Peter Oakes is the master of complication. One could call it nuance. Or analytics. Anyway, Oakes studies the New Testament with a careful eye on the diverse realities of the ancient world and the resonances in the New Testament that are responding to those diverse realities.

His new book, Empire, Economics, and the New Testament collects some of his finest essays. Overall they provide for the NT student studies of method about house churches, economics, and empire.

His forte is Pompeii and he manages to connect various NT texts to the diverse realities of Pompeii. It’s an excellent volume for the serious student. Oakes has a wonderful study of Pompeii called Reading Romans in Pompeii.

His site for a virtual tour of Pompeii is fantastic.

Oakes teaches us to use our imaginations, not to invent things but to enter into that 1st Century world to hear the apostle Paul’s letters and to comprehend those churches.

I spoke above of nuance and analytics. Here’s the context: I have, for instance, often said we can think of a 1st Century church meeting in an atrium or, following another line of thinking, in an apartment or tenement. What does the assembly look like or what happens in the assembly or how does what happen occur if it is an atrium or an apartment on the 3d floor in a poor section of Rome? It is also standard to think that a 1st Century assembly was about 30 people.

It’s complicated as we both don’t know where they met but we do know what meeting places looked like. We know, too, that there were many such places they could have met. If they met in a garden or more open setting perhaps there were a hundred or so.

Oakes calls these theories not so much into question as into a clarity we don’t necessarily have. Yes, perhaps an atrium. Perhaps an apartment. But house churches didn’t have to meet in an atrium or an apartment. Enter his expertise of Pompeii where Oakes has studied especially the “House of Menander.”

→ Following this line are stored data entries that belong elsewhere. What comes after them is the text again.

lemma cramer_mat_entry:
  assumes valid: "valid_indices rs cs" and len: "length rs = length cs" and nonsing: "minor Aq rs cs \<noteq> 0"
    and ji: "j < n" "i < l"
  shows "minor Aq rs cs * cramer_mat rs cs $$ (j, i) \<in> \<int> \<and>
    \<bar>minor Aq rs cs * cramer_mat rs cs $$ (j, i)\<bar> \<le> of_int \<Delta>"
proof (cases "j \<in> set cs \<and> i \<in> set rs")
  case True
  then have "index_of cs j < length rs" "index_of rs i < length rs"
    using index_of_in_set(1)[of rs i] index_of_in_set(1)[of cs j] valid len
    unfolding valid_indices_def by auto
  moreover have "minor Aq rs cs * cramer_mat rs cs $$ (j, i)
      = adj_mat (minor_mat Aq rs cs) $$ (index_of cs j, index_of rs i)"
    using True nonsing ji by (simp add: cramer_mat_def)
  ultimately show ?thesis using adj_minor_mat_Aq[OF valid len] by simp
next
  case False
  then show ?thesis using ji Delta_ge_1 by (auto simp: cramer_mat_def)
qed

lemma cofactor_vec_Aq:
  assumes "valid_indices rs cs" "length cs = Suc (length rs)"
  shows "cofactor_vec Aq rs cs j \<in> \<int>" "\<bar>cofactor_vec Aq rs cs j\<bar> \<le> of_int \<Delta>"
proof -
  show "cofactor_vec Aq rs cs j \<in> \<int>"
    unfolding cofactor_vec_def using minor_Aq_Ints by (intro Ints_sum) auto
  show "\<bar>cofactor_vec Aq rs cs j\<bar> \<le> of_int \<Delta>"
  proof (cases "j \<in> set cs")
    case True
    then obtain c where c: "c < length cs" "cs ! c = j" by (metis in_set_conv_nth)
    have "\<bar>minor Aq rs (delete_nth c cs)\<bar> \<le> of_int \<Delta>"
      by (rule abs_minor_Aq_le) (use assms c in \<open>auto simp: valid_indices_def distinct_delete_nth length_delete_nth
          dest: set_delete_nth_subset[THEN subsetD]\<close>)
    then show ?thesis
      using cofactor_vec_nth[of cs c Aq rs] c assms(1) unfolding valid_indices_def by (simp add: abs_mult)
  next
    case False
    then show ?thesis using Delta_ge_1 by (simp add: cofactor_vec_notin[OF False, of Aq rs])
  qed
qed

lemma ex_vertex_solution:
  assumes feas: "feasible b x" and b_int: "\<forall>i<l. b i \<in> \<int>"
  obtains D q where "D \<in> carrier_mat n l" "q \<noteq> 0" "\<bar>q\<bar> \<le> \<Delta>"
    "\<And>j i. j < n \<Longrightarrow> i < l \<Longrightarrow> of_int q * D $$ (j, i) \<in> \<int> \<and> \<bar>of_int q * D $$ (j, i)\<bar> \<le> of_int \<Delta>"
    "\<forall>j<n. of_int q * (D *\<^sub>v vec l b) $ j \<in> \<int>" "feasible b (\<lambda>j. (D *\<^sub>v vec l b) $ j)"
proof -
  have "basic_feasible b x [] []"
    using feas unfolding basic_feasible_def valid_indices_def by (simp add: minor_Nil)
  then obtain x' rs cs where basic: "basic_feasible b x' rs cs" and supp: "\<forall>j<n. j \<notin> set cs \<longrightarrow> x' j = 0"
    using ex_basic_feasible_supported by blast
  then have valid: "valid_indices rs cs" and len: "length rs = length cs" and nonsing: "minor Aq rs cs \<noteq> 0"
    unfolding basic_feasible_def by auto
  define q where "q = minor (\<lambda>i j. A $$ (i, j)) rs cs"
  define D where "D = cramer_mat rs cs"
  have q: "minor Aq rs cs = of_int q" unfolding q_def minor_Aq ..
  have entries: "of_int q * D $$ (j, i) \<in> \<int> \<and> \<bar>of_int q * D $$ (j, i)\<bar> \<le> of_int \<Delta>" if "j < n" "i < l" for j i
    using cramer_mat_entry[OF valid len nonsing that] unfolding q D_def by simp
  have "of_int q * (D *\<^sub>v vec l b) $ j \<in> \<int>" if j: "j < n" for j
  proof -
    have "of_int q * (D *\<^sub>v vec l b) $ j = (\<Sum>i<l. (of_int q * D $$ (j, i)) * b i)"
      unfolding D_def index_mult_mat_vec_vec[OF cramer_mat_carrier j]
      by (subst sum_distrib_left) (simp add: mult.assoc)
    also have "\<dots> \<in> \<int>" using entries[OF j] b_int by (intro Ints_sum) (metis Ints_mult lessThan_iff)
    finally show ?thesis .
  qed
  moreover have "feasible b (\<lambda>j. (D *\<^sub>v vec l b) $ j)"
  proof -
    have "row_prod i (\<lambda>j. (D *\<^sub>v vec l b) $ j) = row_prod i x'" for i
      by (rule row_prod_cong) (simp add: D_def cramer_mat_mult_vec[OF basic] supp)
    then show ?thesis using basic unfolding basic_feasible_def feasible_def by simp
  qed
  moreover have "\<bar>q\<bar> \<le> \<Delta>"
    using abs_minor_Aq_le[OF valid len] unfolding q by linarith
  ultimately show ?thesis
    using that[of D q] entries nonsing cramer_mat_carrier unfolding q D_def by auto
qed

The result? There are nine possible locations for a house church. Not two. Oakes often thinks into a 1st Century Pauline church as the home of a craftsman. This matters and makes a difference, though we don’t know for sure. Space matters. Here are his nine models:

Triclinium and Atrium for the division in Corinth Peristyle Garden and banqueting hall Triclinium Small house In a bar Stoneworkers’ workshop Craftworker-hosted church in a garden, portico, back rooms Slave-led church in a stable yard Retainer-led church in the steward’s house

Without stretching this out it can be said that differing dynamics occur in each one. I have often asked what a “sermon” looked like in each setting. What did reading a letter of Paul look like in these setttings? It takes an imagination, for sure, but it’s one informed by realities.

On economics.

Economics is/was “the study of the allocation of scarce resources.” (He often uses this definition.)

Image: Cover Photo

One can use an economical theory to interpret, one can search for information about economics, and then one can use such information. The evidence can be found in archaeology, in the texts, and one can compare the evidence. Oakes argues that such a view of economics means there are poor people and economic elites, and the latter have a “larger share of scarce resoiures than would be expected in a random distribution.” The poor then are those who suffer with a “lack of socially perceived necessities.”

A vital chapter in this book is about patronage and how that gives us grids for perceiving diverse realities. The city/town itself/urban location is laid out in a way that displays the patrons of a town and throughout the town (Pompeii) are neighborhoods as agglomerations of smaller units of patronage relations. Phoebe is probably a local patron while Erastus is more in the urban center. The divisions of the Lord’s supper, then, seem to be best explained as a patronage problem where the patron was segregated from the locals and Paul wants that boundary marking down.

Oakes has a fascinating study of Philippians through the hearing of “Jason” and “Penelope,” two fictionalized hearings of what this letter meant. One is more wealthy, one suffering. Here social realities give Oakes some social realities to imagine as the letter is read. I find this imaginative reading helpful and suggestive.